text \<open>
  Only the cycle structure of \<open>f = c(\<alpha>, \<beta>)\<close> and \<open>g = d(\<alpha>', \<beta>)\<close> enters the argument: every point
  lies on a finite \<open>f\<close>-cycle, there are infinitely many \<open>f\<close>-cycles of every length, and the
  \<open>A\<^sub>k\<close> are pairwise disjoint sets of \<open>k\<close> fixed points of \<open>f\<close> (likewise for \<open>g\<close> and \<open>B\<^sub>k\<close>).

  Let \<open>U\<^sub>N\<close> be the set of \<open>\<sigma> \<in> Z\<close> with \<open>\<sigma>(A\<^sub>k) = B\<^sub>k\<close> for some \<open>k \<ge> N\<close>; it is open because
  the \<open>A\<^sub>k\<close> are finite, and \<open>\<O>\<^sub>2\<close> is the intersection of all \<open>U\<^sub>N\<close>. For density, let \<open>\<sigma> \<in> Z\<close> and
  let \<open>E\<close> be finite. The union \<open>S\<close> of the \<open>f\<close>-cycles through \<open>E\<close> is finite and invariant, so
  some \<open>k \<ge> N\<close> has \<open>A\<^sub>k\<close> disjoint from \<open>S\<close> and \<open>B\<^sub>k\<close> disjoint from \<open>\<sigma>(S)\<close>. Combine \<open>\<sigma>\<close> on \<open>S\<close>
  with any bijection \<open>A\<^sub>k \<rightarrow> B\<^sub>k\<close>; outside these finite invariant sets both permutations
  still have countably infinitely many cycles of each length, so matching cycles of equal
  length extends this partial conjugacy to some \<open>\<tau> \<in> Z\<close> agreeing with \<open>\<sigma>\<close> on \<open>E\<close>.
\<close>

section \<open>Cycles of a permutation\<close>

text \<open>The library's \<open>orbit f x\<close> is \<open>{(f ^^ n) x | n. 0 < n}\<close>, so \<open>x \<in> orbit f x\<close> says that \<open>x\<close> lies on a
  finite cycle of \<open>f\<close>.\<close>

lemma self_in_orbit_if_finite:
  assumes "inj f" and "finite (orbit f x)"
  shows "x \<in> orbit f x"
proof -
  have "range (\<lambda>n. (f ^^ Suc n) x) \<subseteq> orbit f x"
    using zero_less_Suc unfolding orbit_altdef by blast
  then have "\<not> inj (\<lambda>n. (f ^^ Suc n) x)"
    using assms(2) finite_imageD finite_subset infinite_UNIV_nat by blast
  then obtain i j where "i < j" and "(f ^^ Suc i) x = (f ^^ Suc j) x"
    by (metis (no_types, lifting) injI linorder_neqE_nat)
  then have "(f ^^ (j - i)) x = x"
    using funpow_diff[OF assms(1), of "Suc i" "Suc j"] by simp
  with \<open>i < j\<close> show ?thesis
    by (auto simp: orbit_altdef intro: exI[of _ "j - i"])
qed

lemma inv_into_in_orbit:
  assumes "bij f" and "x \<in> orbit f x"
  shows "inv_into UNIV f x \<in> orbit f x"
proof -
  obtain n where "0 < n" and "(f ^^ n) x = x"
    using assms(2) by (auto simp: orbit_altdef)
  then have "f ((f ^^ (n - 1)) x) = x"
    by (metis Suc_diff_1 comp_apply funpow.simps(2))
  then have "inv_into UNIV f x = (f ^^ (n - 1)) x"
    using inv_into_f_f[OF bij_is_inj[OF assms(1)], of "(f ^^ (n - 1)) x"] by simp
  then show ?thesis
    using funpow_in_orbit[OF assms(2)] by simp
qed

lemma orbit_eq_if_mem:
  assumes "x \<in> orbit f x" and "y \<in> orbit f x"
  shows "orbit f y = orbit f x"
  using assms by (intro orbit_cyclic_eq3) (auto simp: cyclic_on_def)

lemma funpow_eq_iff_mod_card_orbit:
  assumes "x \<in> orbit f x"
  shows "(f ^^ m) x = (f ^^ n) x \<longleftrightarrow> m mod card (orbit f x) = n mod card (orbit f x)"
proof -
  define k where "k = funpow_dist1 f x x"
  have inj: "inj_on (\<lambda>n. (f ^^ n) x) {0..<k}"
    unfolding k_def by (rule inj_on_funpow_dist1[OF assms])
  have k: "card (orbit f x) = k"
    using card_image[OF inj] orbit_conv_funpow_dist1[OF assms] by (simp add: k_def)
  have period: "(f ^^ j) x = (f ^^ (j mod k)) x" for j
    using funpow_mod_eq[where f=f and n=k and x=x and m=j] funpow_dist1_prop[OF assms] by (simp add: k_def)
  have "0 < k"
    by (simp add: k_def)
  then show ?thesis
    using inj_onD[OF inj, of "m mod k" "n mod k"] period[of m] period[of n] k by auto
qed

lemma orbit_conjugacy:
  assumes x: "x \<in> orbit f x" and y: "y \<in> orbit g y"
    and same_card: "card (orbit f x) = card (orbit g y)"
  shows "\<exists>p. bij_betw p (orbit f x) (orbit g y) \<and> (\<forall>z\<in>orbit f x. p (f z) = g (p z))"
proof -
  have funpow_iff: "(f ^^ m) x = (f ^^ n) x \<longleftrightarrow> (g ^^ m) y = (g ^^ n) y" for m n
    using funpow_eq_iff_mod_card_orbit[OF x] funpow_eq_iff_mod_card_orbit[OF y] same_card by simp
  define p where "p z = (g ^^ (SOME n. (f ^^ n) x = z)) y" for z
  have p: "p ((f ^^ n) x) = (g ^^ n) y" for n
    unfolding p_def using someI[of "\<lambda>m. (f ^^ m) x = (f ^^ n) x" n] funpow_iff by blast
  have orbit_f: "orbit f x = range (\<lambda>n. (f ^^ n) x)"
    using orbit_altdef_self_in[OF x] by auto
  have orbit_g: "orbit g y = range (\<lambda>n. (g ^^ n) y)"
    using orbit_altdef_self_in[OF y] by auto
  have "bij_betw p (orbit f x) (orbit g y)"
    unfolding bij_betw_def inj_on_def orbit_f orbit_g by (auto simp: p funpow_iff image_image)
  moreover have "p (f z) = g (p z)" if "z \<in> orbit f x" for z
    using that p[of "Suc _"] by (auto simp: orbit_f p)
  ultimately show ?thesis
    by blast
qed

lemma image_orbit_conjugate:
  assumes "\<sigma> \<circ> f = g \<circ> \<sigma>"
  shows "\<sigma> ` orbit f x = orbit g (\<sigma> x)"
proof -
  have "\<sigma> ((f ^^ n) x) = (g ^^ n) (\<sigma> x)" for n
    using assms by (induction n) (simp_all add: fun_eq_iff)
  then show ?thesis
    unfolding orbit_altdef setcompr_eq_image image_image by simp
qed

lemma orbit_subset_Compl:
  assumes "x \<in> orbit f x" and "\<And>y. y \<in> P \<Longrightarrow> orbit f y \<subseteq> P" and "x \<notin> P"
  shows "orbit f x \<subseteq> - P"
  using assms orbit_swap by fastforce

section \<open>The free group\<close>

definition cancel_cons :: "letter \<Rightarrow> word \<Rightarrow> word" where
  "cancel_cons x w = (case w of [] \<Rightarrow> [x] | y # r \<Rightarrow> (if y = inv_letter x then r else x # y # r))"

lemma reduce_Cons: "reduce (x # w) = cancel_cons x (reduce w)"
  by (simp add: cancel_cons_def)

lemma inv_letter_inv_letter [simp]: "inv_letter (inv_letter x) = x"
  by (simp add: inv_letter_def)

lemma reduced_tl: "reduced (y # w) \<Longrightarrow> reduced w"
  by (cases w) auto

lemma reduced_cancel_cons: "reduced w \<Longrightarrow> reduced (cancel_cons x w)"
  by (cases w) (auto simp: cancel_cons_def dest: reduced_tl)

lemma reduced_reduce: "reduced (reduce w)"
  by (induction w) (auto simp: reduce_Cons reduced_cancel_cons simp del: reduce.simps(2))

lemma reduce_reduced: "reduced w \<Longrightarrow> reduce w = w"
proof (induction w)
  case (Cons x w)
  then have "reduce w = w"
    using reduced_tl by blast
  with Cons.prems show ?case
    by (cases w) (auto simp: reduce_Cons cancel_cons_def simp del: reduce.simps(2))
qed simp

lemma reduce_append_reduce: "reduce (u @ reduce v) = reduce (u @ v)"
  by (induction u) (auto simp: reduce_Cons reduce_reduced reduced_reduce simp del: reduce.simps(2))

lemma cancel_cons_inv_letter: "reduced w \<Longrightarrow> cancel_cons x (cancel_cons (inv_letter x) w) = w"
  by (cases w rule: reduced.cases) (auto simp: cancel_cons_def)

lemma reduce_cancel_cons_append:
  "reduce (cancel_cons x w @ v) = cancel_cons x (reduce (w @ v))"
proof (cases w)
  case (Cons y r)
  show ?thesis
  proof (cases "y = inv_letter x")
    case True
    then have "reduce (w @ v) = cancel_cons (inv_letter x) (reduce (r @ v))"
      using Cons by (simp add: reduce_Cons del: reduce.simps(2))
    then show ?thesis
      using True Cons cancel_cons_inv_letter[OF reduced_reduce, of x "r @ v"]
      by (simp add: cancel_cons_def)
  qed (use Cons in \<open>simp add: cancel_cons_def reduce_Cons del: reduce.simps(2)\<close>)
qed (simp add: cancel_cons_def reduce_Cons del: reduce.simps(2))

lemma reduce_reduce_append: "reduce (reduce u @ v) = reduce (u @ v)"
  by (induction u) (simp_all add: reduce_Cons reduce_cancel_cons_append del: reduce.simps(2))

definition word_inv :: "word \<Rightarrow> word" where
  "word_inv w = rev (map inv_letter w)"

lemma reduce_word_inv_append: "reduce (word_inv w @ w @ v) = reduce v"
proof (induction w)
  case (Cons x w)
  have "reduce (word_inv (x # w) @ (x # w) @ v) = reduce (word_inv w @ inv_letter x # x # w @ v)"
    by (simp add: word_inv_def)
  also have "\<dots> = reduce (word_inv w @ reduce (inv_letter x # x # w @ v))"
    by (rule reduce_append_reduce[symmetric])
  also have "reduce (inv_letter x # x # w @ v) = reduce (w @ v)"
    using cancel_cons_inv_letter[OF reduced_reduce, of "inv_letter x" "w @ v"]
    by (simp add: reduce_Cons del: reduce.simps(2))
  also have "reduce (word_inv w @ reduce (w @ v)) = reduce v"
    using Cons.IH by (simp add: reduce_append_reduce)
  finally show ?case .
qed (simp add: word_inv_def)

lemma set_reduce: "set (reduce w) \<subseteq> set w"
  by (induction w) (auto simp: reduce_Cons cancel_cons_def split: list.splits simp del: reduce.simps(2))

lemma words_on_reduce: "w \<in> words_on N \<Longrightarrow> reduce w \<in> words_on N"
  using set_reduce by (fastforce simp: words_on_def)

lemma words_on_word_inv: "w \<in> words_on N \<Longrightarrow> word_inv w \<in> words_on N"
  by (auto simp: words_on_def word_inv_def inv_letter_def)

lemma group_free_grp: "group (free_grp N)"
proof (rule groupI)
  fix x y
  assume "x \<in> carrier (free_grp N)" "y \<in> carrier (free_grp N)"
  then have "x @ y \<in> words_on N"
    by (auto simp: free_grp_def words_on_def)
  then show "x \<otimes>\<^bsub>free_grp N\<^esub> y \<in> carrier (free_grp N)"
    by (simp add: free_grp_def reduced_reduce words_on_reduce)
next
  fix x
  assume x: "x \<in> carrier (free_grp N)"
  show "\<exists>y\<in>carrier (free_grp N). y \<otimes>\<^bsub>free_grp N\<^esub> x = \<one>\<^bsub>free_grp N\<^esub>"
  proof
    show "reduce (word_inv x) \<otimes>\<^bsub>free_grp N\<^esub> x = \<one>\<^bsub>free_grp N\<^esub>"
      using reduce_word_inv_append[of x "[]"] by (simp add: free_grp_def reduce_reduce_append)
    show "reduce (word_inv x) \<in> carrier (free_grp N)"
      using x by (simp add: free_grp_def reduced_reduce words_on_reduce words_on_word_inv)
  qed
qed (auto simp: free_grp_def reduce_reduced reduce_append_reduce reduce_reduce_append words_on_def)

section \<open>The action of words\<close>

definition letter_act :: "(nat \<Rightarrow> int \<Rightarrow> int) \<Rightarrow> letter \<Rightarrow> int \<Rightarrow> int" where
  "letter_act G l = (if snd l then inv_into UNIV (G (fst l)) else G (fst l))"

lemma word_act_Nil [simp]: "word_act G [] = id"
  by (simp add: word_act_def)

lemma word_act_Cons: "word_act G (x # w) = letter_act G x \<circ> word_act G w"
  by (simp add: word_act_def letter_act_def)

lemma word_act_append: "word_act G (u @ v) = word_act G u \<circ> word_act G v"
  by (induction u) (simp_all add: word_act_Cons comp_assoc)

lemma nat_pow_in_generate: "c [^]\<^bsub>H\<^esub> (n::nat) \<in> generate H {c}"
proof (induction n)
  case 0
  then show ?case
    by (simp add: generate.one)
next
  case (Suc n)
  then show ?case
    by (simp add: generate.eng generate.incl)
qed

context
  fixes G :: "nat \<Rightarrow> int \<Rightarrow> int"
  assumes bij_G: "\<And>i. bij (G i)"
begin

lemma bij_letter_act: "bij (letter_act G x)"
  by (simp add: letter_act_def bij_G bij_imp_bij_inv)

lemma letter_act_inv_letter: "letter_act G (inv_letter x) \<circ> letter_act G x = id"
  using bij_G[of "fst x"]
  by (auto simp: letter_act_def inv_letter_def fun_eq_iff bij_def surj_f_inv_f)

lemma bij_word_act: "bij (word_act G w)"
proof (induction w)
  case (Cons x w)
  then show ?case
    unfolding word_act_Cons by (rule bij_comp[OF _ bij_letter_act])
qed (simp only: word_act_Nil bij_id)

lemma word_act_cancel_cons: "word_act G (cancel_cons x w) = word_act G (x # w)"
proof (cases w)
  case (Cons y r)
  have "letter_act G x \<circ> letter_act G (inv_letter x) = id"
    using letter_act_inv_letter[of "inv_letter x"] by simp
  then show ?thesis
    using Cons by (auto simp: cancel_cons_def word_act_Cons comp_assoc[symmetric])
qed (simp add: cancel_cons_def)

lemma word_act_reduce: "word_act G (reduce w) = word_act G w"
  by (induction w) (simp_all add: reduce_Cons word_act_cancel_cons word_act_Cons del: reduce.simps(2))

lemma word_act_mult: "word_act G (u \<otimes>\<^bsub>free_grp N\<^esub> v) = word_act G u \<circ> word_act G v"
  by (simp add: free_grp_def word_act_reduce word_act_append)

lemma word_act_inv:
  assumes "u \<in> carrier (free_grp N)"
  shows "word_act G (inv\<^bsub>free_grp N\<^esub> u) = inv_into UNIV (word_act G u)"
proof -
  have left_inv: "word_act G (inv\<^bsub>free_grp N\<^esub> u) \<circ> word_act G u = id"
    using group.l_inv[OF group_free_grp assms] word_act_mult[symmetric]
    by (simp add: free_grp_def)
  have "word_act G u \<circ> inv_into UNIV (word_act G u) = id"
    using bij_word_act[of u] by (simp add: bij_is_surj flip: surj_iff)
  then have "word_act G (inv\<^bsub>free_grp N\<^esub> u)
      = (word_act G (inv\<^bsub>free_grp N\<^esub> u) \<circ> word_act G u) \<circ> inv_into UNIV (word_act G u)"
    by (simp add: comp_assoc)
  with left_inv show ?thesis
    by simp
qed

lemma word_act_nat_pow: "word_act G (c [^]\<^bsub>free_grp N\<^esub> (n::nat)) = word_act G c ^^ n"
proof (induction n)
  case 0
  then show ?case
    by (simp add: free_grp_def)
next
  case (Suc n)
  then show ?case
    by (simp add: word_act_mult fun_eq_iff funpow_swap1)
qed

lemma orbit_subset_orbit_of_cyclic:
  "orbit (word_act G c) x \<subseteq> orbit_of G (generate (free_grp N) {c}) x"
proof
  fix z
  assume "z \<in> orbit (word_act G c) x"
  then obtain n where "z = (word_act G c ^^ n) x"
    by (auto simp: orbit_altdef)
  then have "z = word_act G (c [^]\<^bsub>free_grp N\<^esub> n) x"
    by (simp add: word_act_nat_pow)
  then show "z \<in> orbit_of G (generate (free_grp N) {c}) x"
    using nat_pow_in_generate[where H="free_grp N" and c=c and n=n] unfolding orbit_of_def by blast
qed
* * * * * * * * *
● **WORK TASK**
Select, from the listing, all lines that include the word "obtain".

● **RESULT**
  then obtain i j where "i < j" and "(f ^^ Suc i) x = (f ^^ Suc j) x"
  obtain n where "0 < n" and "(f ^^ n) x = x"
  then obtain n where "z = (word_act G c ^^ n) x"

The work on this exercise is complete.